▸ Exercise aim:
Copy out the lines below that hold the word "finally".

▸ Entries supplied:
_ _ _ _
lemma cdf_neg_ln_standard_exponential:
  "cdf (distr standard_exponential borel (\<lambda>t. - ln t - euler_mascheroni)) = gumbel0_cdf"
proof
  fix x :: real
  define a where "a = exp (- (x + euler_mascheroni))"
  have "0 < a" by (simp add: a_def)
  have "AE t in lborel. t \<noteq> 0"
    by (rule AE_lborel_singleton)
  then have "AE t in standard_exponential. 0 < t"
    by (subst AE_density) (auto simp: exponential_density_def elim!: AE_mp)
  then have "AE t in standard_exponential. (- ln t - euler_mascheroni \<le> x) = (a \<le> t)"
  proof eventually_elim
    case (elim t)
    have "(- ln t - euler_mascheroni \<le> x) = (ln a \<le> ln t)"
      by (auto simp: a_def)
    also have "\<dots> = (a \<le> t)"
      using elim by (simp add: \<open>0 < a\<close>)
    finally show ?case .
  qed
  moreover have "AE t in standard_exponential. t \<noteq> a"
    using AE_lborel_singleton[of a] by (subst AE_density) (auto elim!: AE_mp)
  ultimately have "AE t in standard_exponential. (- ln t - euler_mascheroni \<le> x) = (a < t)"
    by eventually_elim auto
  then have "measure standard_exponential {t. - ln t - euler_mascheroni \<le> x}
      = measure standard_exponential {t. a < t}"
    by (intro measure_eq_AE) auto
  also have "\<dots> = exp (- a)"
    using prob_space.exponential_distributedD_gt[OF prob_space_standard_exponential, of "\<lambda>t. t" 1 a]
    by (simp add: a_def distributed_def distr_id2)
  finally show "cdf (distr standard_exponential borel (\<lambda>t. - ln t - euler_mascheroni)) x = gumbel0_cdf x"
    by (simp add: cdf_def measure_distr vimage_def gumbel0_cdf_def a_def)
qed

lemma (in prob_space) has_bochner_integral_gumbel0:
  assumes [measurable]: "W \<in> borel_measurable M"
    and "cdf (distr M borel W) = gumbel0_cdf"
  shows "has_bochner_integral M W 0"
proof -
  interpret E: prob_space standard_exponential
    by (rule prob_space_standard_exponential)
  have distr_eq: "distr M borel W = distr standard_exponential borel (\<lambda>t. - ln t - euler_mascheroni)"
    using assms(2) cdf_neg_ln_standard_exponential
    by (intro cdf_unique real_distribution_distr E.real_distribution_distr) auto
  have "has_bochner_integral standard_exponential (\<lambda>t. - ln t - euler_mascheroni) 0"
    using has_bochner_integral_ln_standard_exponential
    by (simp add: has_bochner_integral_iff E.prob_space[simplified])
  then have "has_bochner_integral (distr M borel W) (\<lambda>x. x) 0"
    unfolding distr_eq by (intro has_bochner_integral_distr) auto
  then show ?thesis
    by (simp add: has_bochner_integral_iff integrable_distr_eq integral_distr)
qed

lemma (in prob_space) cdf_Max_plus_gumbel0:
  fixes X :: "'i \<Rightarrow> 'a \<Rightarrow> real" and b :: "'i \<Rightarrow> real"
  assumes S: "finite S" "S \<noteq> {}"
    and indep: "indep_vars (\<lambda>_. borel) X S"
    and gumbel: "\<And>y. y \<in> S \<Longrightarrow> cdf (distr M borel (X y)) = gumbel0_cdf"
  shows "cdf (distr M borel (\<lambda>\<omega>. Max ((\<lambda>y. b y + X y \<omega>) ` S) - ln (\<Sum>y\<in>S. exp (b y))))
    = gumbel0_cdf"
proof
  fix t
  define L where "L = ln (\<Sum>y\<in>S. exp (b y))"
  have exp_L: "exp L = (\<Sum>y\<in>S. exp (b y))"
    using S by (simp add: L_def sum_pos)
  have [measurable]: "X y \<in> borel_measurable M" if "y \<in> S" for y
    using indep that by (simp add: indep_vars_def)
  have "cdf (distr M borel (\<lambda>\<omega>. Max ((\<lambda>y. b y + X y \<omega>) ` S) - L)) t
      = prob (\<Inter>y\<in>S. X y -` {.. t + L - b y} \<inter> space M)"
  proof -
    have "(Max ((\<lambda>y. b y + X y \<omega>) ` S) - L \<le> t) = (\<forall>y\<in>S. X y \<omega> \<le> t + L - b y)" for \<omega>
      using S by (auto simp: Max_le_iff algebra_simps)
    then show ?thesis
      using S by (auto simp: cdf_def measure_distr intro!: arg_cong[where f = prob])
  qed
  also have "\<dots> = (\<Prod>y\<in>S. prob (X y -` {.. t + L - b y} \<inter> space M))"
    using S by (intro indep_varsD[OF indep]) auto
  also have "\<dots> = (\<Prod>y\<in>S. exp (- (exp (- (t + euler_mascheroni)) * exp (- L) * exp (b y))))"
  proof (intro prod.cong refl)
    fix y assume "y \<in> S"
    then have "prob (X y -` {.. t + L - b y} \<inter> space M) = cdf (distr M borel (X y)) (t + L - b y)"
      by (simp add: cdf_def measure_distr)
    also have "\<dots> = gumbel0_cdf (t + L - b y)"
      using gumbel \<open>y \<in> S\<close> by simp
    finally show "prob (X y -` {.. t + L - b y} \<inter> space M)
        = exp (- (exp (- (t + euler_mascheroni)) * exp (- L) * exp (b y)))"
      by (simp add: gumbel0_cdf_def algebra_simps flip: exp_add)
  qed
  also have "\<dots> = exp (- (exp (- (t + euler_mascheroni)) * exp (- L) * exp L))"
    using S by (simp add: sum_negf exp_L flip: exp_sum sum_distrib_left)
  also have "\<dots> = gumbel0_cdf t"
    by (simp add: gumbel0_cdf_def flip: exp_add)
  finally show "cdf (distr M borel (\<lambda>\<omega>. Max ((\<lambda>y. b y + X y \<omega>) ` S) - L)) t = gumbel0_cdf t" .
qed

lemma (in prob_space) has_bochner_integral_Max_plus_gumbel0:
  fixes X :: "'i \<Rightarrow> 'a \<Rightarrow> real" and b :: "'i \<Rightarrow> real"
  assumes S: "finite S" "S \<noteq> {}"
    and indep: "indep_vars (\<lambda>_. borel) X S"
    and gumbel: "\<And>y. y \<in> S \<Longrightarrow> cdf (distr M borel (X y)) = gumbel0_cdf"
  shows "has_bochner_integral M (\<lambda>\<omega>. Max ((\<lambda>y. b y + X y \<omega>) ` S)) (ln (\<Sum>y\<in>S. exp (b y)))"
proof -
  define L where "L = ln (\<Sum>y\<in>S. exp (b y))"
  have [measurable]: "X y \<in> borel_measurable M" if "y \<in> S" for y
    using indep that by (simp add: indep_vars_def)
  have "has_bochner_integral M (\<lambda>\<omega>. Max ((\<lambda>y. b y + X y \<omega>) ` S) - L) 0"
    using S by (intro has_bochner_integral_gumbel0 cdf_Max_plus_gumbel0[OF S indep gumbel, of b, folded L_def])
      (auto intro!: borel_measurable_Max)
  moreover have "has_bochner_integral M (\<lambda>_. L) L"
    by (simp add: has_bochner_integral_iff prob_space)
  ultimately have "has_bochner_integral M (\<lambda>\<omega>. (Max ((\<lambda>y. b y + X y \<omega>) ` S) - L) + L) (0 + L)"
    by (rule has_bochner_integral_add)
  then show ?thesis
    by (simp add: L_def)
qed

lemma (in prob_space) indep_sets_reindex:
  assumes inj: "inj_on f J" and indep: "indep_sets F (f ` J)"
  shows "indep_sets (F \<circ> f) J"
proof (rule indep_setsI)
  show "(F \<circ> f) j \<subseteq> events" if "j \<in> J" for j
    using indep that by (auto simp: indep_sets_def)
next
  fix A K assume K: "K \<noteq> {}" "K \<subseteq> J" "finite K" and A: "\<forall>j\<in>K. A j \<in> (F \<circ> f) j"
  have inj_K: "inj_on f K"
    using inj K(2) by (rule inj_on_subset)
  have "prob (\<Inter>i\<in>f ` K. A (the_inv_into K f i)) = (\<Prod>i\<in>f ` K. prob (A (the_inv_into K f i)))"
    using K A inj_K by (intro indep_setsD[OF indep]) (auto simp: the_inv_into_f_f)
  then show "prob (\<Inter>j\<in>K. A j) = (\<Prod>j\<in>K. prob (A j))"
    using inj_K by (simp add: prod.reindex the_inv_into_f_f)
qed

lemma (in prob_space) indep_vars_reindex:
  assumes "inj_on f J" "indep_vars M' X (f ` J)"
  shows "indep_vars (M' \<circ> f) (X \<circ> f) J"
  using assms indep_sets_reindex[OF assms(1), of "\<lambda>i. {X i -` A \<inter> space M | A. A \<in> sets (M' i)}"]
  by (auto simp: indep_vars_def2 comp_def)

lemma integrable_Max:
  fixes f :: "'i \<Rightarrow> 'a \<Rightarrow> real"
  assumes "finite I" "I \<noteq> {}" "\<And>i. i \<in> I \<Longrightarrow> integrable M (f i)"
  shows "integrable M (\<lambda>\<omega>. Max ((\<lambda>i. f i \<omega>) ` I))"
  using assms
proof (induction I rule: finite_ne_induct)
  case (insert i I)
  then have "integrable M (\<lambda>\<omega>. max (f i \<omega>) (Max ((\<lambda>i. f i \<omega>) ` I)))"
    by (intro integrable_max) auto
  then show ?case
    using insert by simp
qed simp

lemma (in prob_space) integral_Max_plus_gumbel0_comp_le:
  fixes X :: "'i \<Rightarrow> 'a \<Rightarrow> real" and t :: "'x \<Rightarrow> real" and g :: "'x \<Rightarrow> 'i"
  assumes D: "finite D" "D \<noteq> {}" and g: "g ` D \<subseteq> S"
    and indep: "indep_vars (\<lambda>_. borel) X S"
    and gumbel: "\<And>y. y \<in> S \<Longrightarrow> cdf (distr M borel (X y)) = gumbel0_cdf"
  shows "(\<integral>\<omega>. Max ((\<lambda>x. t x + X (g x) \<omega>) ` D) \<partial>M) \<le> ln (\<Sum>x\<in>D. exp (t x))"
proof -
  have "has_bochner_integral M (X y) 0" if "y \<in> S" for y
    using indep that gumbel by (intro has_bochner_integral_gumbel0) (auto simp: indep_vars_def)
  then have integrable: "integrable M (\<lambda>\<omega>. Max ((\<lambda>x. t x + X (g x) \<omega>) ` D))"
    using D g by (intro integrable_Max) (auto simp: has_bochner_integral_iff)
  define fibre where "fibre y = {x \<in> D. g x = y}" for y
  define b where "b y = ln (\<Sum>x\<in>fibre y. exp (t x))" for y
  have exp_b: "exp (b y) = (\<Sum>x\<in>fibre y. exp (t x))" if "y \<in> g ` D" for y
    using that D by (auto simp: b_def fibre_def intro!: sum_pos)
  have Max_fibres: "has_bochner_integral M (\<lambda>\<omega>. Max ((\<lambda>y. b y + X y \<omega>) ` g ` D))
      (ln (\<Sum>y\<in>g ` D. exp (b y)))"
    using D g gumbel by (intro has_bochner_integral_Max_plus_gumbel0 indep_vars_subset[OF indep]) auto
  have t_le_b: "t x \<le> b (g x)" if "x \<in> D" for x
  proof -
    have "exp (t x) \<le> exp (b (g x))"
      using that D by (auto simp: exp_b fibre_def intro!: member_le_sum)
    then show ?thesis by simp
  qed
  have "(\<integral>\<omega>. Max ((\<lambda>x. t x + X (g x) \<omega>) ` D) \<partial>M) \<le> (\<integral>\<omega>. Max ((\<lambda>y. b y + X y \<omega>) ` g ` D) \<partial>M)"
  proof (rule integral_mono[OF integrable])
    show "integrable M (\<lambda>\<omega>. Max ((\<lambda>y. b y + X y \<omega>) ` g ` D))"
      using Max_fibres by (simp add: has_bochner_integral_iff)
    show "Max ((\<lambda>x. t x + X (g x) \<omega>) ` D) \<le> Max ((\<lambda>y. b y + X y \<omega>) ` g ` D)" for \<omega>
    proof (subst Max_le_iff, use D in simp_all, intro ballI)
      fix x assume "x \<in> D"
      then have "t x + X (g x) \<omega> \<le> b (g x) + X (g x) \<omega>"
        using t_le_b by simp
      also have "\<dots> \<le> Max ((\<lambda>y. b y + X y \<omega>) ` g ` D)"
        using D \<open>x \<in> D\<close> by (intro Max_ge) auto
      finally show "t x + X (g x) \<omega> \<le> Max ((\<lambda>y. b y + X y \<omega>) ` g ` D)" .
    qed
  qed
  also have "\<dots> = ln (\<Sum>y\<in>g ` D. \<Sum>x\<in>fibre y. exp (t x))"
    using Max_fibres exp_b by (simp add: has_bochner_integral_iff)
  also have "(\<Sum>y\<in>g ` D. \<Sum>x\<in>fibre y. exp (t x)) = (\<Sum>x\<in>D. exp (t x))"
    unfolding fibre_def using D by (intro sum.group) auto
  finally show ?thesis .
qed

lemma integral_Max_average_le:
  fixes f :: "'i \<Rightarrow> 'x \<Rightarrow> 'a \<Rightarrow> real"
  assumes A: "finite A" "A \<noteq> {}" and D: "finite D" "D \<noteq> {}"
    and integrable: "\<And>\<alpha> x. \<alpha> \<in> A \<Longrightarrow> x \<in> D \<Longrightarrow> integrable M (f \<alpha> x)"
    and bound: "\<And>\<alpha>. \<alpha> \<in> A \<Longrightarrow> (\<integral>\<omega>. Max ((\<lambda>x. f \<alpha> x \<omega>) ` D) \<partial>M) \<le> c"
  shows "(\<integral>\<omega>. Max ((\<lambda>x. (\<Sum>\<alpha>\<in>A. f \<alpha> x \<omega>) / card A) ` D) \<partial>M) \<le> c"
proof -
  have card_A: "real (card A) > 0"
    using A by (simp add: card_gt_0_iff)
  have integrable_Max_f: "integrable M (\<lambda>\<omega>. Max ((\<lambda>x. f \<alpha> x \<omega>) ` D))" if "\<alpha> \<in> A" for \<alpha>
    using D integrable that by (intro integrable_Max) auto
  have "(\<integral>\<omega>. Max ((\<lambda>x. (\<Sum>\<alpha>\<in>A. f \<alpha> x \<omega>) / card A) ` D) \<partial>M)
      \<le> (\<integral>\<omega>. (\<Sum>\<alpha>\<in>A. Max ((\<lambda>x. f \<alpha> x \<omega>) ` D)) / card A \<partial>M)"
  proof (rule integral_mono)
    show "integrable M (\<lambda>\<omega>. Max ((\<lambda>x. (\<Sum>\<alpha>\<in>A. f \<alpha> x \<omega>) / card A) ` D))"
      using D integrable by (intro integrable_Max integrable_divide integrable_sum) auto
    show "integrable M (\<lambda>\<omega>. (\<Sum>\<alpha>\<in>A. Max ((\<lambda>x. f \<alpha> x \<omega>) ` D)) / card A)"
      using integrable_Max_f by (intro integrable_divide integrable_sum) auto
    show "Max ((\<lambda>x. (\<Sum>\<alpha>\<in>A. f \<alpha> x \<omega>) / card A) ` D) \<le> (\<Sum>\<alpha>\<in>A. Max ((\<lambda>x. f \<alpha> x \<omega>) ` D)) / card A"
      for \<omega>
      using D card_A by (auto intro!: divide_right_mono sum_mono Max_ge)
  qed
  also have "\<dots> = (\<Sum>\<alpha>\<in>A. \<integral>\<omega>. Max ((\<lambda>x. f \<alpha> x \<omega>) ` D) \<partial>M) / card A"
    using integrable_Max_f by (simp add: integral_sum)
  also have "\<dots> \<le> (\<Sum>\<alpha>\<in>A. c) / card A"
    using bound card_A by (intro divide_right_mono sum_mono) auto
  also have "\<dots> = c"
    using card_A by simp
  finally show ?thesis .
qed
_ _ _ _
▸ Answer area:
    finally show ?case .
  finally show "cdf (distr standard_exponential borel (\<lambda>t. - ln t - euler_mascheroni)) x = gumbel0_cdf x"
    finally show "prob (X y -` {.. t + L - b y} \<inter> space M)
  finally show "cdf (distr M borel (\<lambda>\<omega>. Max ((\<lambda>y. b y + X y \<omega>) ` S) - L)) t = gumbel0_cdf t" .
      finally show "t x + X (g x) \<omega> \<le> Max ((\<lambda>y. b y + X y \<omega>) ` g ` D)" .
  finally show ?thesis .
  finally show ?thesis .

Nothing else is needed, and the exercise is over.